Lines where the string "real" appears are to be copied from the entries below.

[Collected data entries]
——————
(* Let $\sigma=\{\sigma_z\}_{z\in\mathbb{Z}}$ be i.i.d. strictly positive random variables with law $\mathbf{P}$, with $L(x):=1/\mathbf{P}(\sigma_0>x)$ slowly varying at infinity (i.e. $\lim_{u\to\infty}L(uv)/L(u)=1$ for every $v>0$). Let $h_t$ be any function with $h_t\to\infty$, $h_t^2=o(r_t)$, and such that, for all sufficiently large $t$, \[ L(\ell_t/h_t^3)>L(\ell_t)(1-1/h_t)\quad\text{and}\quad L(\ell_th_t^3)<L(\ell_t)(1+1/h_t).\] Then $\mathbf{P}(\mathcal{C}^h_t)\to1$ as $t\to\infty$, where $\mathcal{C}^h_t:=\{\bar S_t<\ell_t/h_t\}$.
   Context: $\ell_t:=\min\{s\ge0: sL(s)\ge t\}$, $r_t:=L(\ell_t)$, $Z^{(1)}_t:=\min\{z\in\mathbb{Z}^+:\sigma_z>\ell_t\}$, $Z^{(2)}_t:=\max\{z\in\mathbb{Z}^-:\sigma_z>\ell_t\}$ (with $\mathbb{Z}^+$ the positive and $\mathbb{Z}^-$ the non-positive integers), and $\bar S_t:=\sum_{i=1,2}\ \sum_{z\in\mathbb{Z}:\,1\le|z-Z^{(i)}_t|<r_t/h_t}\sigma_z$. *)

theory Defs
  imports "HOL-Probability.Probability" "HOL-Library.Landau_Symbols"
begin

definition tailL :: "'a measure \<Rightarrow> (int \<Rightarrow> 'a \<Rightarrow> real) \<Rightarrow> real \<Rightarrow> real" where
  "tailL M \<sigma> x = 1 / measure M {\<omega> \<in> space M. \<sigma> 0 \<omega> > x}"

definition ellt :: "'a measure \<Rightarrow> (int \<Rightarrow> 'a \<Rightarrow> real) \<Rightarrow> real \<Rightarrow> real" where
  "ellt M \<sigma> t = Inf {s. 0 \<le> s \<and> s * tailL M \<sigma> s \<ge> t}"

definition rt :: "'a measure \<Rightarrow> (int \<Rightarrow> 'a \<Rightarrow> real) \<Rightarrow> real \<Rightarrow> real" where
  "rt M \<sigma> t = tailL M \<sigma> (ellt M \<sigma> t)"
——————
Result of the exercise.
definition tailL :: "'a measure \<Rightarrow> (int \<Rightarrow> 'a \<Rightarrow> real) \<Rightarrow> real \<Rightarrow> real" where
definition ellt :: "'a measure \<Rightarrow> (int \<Rightarrow> 'a \<Rightarrow> real) \<Rightarrow> real \<Rightarrow> real" where
definition rt :: "'a measure \<Rightarrow> (int \<Rightarrow> 'a \<Rightarrow> real) \<Rightarrow> real \<Rightarrow> real" where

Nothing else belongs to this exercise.